Find the lines in the entries that follow where the word "finally" occurs, and state how many there are, with no other words.

>>

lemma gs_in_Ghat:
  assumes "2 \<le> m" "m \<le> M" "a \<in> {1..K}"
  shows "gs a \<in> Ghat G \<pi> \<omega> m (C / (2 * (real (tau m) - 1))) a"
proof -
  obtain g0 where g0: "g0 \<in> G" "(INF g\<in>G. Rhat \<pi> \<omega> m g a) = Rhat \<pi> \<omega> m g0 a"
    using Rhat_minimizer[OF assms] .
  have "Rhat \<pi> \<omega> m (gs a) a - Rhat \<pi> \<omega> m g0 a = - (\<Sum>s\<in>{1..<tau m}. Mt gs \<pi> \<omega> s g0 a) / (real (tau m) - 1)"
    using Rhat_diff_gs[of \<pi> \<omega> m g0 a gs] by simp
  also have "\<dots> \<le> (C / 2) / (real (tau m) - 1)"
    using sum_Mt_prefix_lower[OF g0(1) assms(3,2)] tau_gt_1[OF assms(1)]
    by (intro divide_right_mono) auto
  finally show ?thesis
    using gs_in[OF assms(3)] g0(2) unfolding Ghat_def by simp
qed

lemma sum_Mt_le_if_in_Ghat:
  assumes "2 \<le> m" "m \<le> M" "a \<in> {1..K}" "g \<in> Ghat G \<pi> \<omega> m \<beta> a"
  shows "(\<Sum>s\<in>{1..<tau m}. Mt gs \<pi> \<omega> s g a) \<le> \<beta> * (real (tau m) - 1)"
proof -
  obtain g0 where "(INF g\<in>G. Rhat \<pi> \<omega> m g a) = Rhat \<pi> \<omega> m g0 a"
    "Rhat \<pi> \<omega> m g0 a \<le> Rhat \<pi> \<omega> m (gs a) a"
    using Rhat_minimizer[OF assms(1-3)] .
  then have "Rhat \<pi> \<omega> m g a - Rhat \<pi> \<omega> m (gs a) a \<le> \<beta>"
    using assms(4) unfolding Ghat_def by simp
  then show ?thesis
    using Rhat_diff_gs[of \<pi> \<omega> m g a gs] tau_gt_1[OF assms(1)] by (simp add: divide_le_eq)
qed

<<
>>

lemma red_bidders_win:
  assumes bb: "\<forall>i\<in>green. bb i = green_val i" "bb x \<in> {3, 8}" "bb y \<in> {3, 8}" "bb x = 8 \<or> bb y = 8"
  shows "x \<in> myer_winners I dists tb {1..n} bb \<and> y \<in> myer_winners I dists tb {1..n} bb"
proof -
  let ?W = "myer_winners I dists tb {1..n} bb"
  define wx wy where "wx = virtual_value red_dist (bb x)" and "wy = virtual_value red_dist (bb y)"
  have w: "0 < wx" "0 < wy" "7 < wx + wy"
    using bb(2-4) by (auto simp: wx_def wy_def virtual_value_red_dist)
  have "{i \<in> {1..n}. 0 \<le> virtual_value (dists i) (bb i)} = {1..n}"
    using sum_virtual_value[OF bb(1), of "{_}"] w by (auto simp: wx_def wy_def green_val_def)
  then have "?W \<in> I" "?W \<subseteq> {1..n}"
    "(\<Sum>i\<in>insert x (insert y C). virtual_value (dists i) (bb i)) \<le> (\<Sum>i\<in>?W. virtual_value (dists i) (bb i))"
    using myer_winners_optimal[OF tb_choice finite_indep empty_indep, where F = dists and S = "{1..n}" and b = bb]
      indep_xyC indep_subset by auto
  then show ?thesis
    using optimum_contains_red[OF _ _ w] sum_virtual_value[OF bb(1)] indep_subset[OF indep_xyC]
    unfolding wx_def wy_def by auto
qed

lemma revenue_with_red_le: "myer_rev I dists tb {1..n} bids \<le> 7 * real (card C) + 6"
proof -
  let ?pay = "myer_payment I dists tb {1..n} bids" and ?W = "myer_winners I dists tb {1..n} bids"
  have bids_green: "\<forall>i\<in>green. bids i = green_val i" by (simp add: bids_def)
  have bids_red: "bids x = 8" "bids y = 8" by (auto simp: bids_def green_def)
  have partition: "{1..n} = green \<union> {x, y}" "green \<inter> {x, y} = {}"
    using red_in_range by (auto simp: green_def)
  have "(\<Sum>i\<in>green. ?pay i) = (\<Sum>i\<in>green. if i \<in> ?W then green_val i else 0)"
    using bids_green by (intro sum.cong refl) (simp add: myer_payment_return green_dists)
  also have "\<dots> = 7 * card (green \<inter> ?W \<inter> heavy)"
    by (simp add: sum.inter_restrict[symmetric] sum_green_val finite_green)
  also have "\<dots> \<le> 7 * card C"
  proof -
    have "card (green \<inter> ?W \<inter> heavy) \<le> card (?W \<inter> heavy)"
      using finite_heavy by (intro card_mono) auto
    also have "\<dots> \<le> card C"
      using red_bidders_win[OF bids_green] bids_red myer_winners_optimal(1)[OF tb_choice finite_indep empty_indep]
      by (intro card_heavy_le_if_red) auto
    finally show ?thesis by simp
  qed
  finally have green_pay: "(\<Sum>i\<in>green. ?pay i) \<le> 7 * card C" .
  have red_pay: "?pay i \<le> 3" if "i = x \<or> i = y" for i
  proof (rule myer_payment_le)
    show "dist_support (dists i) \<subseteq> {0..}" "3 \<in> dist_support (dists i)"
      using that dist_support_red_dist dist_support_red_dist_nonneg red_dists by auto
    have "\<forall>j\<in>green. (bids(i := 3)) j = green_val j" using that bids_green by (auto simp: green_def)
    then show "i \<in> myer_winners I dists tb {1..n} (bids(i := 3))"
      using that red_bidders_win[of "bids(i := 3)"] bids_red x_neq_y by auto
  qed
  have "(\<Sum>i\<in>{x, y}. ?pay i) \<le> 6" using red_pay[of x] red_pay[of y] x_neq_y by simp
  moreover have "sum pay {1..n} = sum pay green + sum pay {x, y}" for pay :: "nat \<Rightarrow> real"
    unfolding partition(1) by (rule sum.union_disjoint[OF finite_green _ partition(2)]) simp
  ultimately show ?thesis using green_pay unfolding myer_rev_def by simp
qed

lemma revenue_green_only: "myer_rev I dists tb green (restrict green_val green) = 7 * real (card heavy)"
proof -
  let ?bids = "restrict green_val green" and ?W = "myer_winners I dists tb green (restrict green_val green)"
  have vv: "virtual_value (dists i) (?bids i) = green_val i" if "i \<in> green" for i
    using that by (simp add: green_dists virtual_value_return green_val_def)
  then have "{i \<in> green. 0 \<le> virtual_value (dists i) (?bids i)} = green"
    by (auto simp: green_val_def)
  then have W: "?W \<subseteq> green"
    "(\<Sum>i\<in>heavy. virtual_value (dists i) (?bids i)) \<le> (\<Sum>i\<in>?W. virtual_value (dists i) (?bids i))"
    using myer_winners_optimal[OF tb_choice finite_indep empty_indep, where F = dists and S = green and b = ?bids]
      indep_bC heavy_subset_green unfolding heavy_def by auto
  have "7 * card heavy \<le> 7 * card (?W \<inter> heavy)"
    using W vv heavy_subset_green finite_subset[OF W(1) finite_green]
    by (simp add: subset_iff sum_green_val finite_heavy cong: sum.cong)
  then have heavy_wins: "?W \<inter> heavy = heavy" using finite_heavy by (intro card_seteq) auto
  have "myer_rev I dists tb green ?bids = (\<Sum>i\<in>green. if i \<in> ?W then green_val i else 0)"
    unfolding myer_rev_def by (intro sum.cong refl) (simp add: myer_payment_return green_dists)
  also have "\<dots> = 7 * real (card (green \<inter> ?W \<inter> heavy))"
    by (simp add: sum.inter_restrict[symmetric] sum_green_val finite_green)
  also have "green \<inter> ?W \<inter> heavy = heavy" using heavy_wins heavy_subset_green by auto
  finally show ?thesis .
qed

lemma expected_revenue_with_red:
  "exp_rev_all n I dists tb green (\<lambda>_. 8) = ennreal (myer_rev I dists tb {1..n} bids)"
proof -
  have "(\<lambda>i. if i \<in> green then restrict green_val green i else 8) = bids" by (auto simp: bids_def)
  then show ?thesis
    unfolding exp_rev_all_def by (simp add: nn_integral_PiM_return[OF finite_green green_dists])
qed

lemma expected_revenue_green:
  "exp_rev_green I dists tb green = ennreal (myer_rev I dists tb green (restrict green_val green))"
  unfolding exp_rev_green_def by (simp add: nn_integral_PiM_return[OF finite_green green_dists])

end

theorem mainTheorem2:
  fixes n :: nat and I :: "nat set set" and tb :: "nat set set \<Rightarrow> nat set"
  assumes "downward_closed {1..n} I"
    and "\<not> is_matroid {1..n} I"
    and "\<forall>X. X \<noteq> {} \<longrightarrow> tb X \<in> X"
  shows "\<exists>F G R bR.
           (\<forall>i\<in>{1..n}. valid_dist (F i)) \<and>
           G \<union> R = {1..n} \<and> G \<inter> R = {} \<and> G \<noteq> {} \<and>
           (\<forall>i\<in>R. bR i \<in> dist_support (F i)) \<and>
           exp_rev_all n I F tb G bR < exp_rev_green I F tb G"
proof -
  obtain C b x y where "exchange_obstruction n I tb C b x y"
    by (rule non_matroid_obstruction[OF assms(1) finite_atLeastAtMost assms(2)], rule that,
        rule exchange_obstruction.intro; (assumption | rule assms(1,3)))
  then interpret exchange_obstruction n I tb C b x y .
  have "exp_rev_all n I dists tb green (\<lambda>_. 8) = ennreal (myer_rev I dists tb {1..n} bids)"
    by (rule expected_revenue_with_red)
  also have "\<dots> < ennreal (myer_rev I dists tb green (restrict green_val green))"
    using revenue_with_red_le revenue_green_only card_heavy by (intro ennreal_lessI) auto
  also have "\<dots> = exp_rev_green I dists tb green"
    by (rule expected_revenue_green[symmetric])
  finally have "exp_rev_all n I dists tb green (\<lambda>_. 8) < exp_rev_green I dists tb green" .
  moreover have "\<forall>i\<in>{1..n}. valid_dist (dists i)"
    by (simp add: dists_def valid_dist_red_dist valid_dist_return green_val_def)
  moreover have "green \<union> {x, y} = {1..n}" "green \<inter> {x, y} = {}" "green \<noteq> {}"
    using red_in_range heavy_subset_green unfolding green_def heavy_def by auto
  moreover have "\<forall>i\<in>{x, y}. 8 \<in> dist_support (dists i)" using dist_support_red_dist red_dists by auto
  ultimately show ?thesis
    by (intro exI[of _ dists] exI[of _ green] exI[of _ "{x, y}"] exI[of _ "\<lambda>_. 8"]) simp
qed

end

<<

• **Task answer**: 5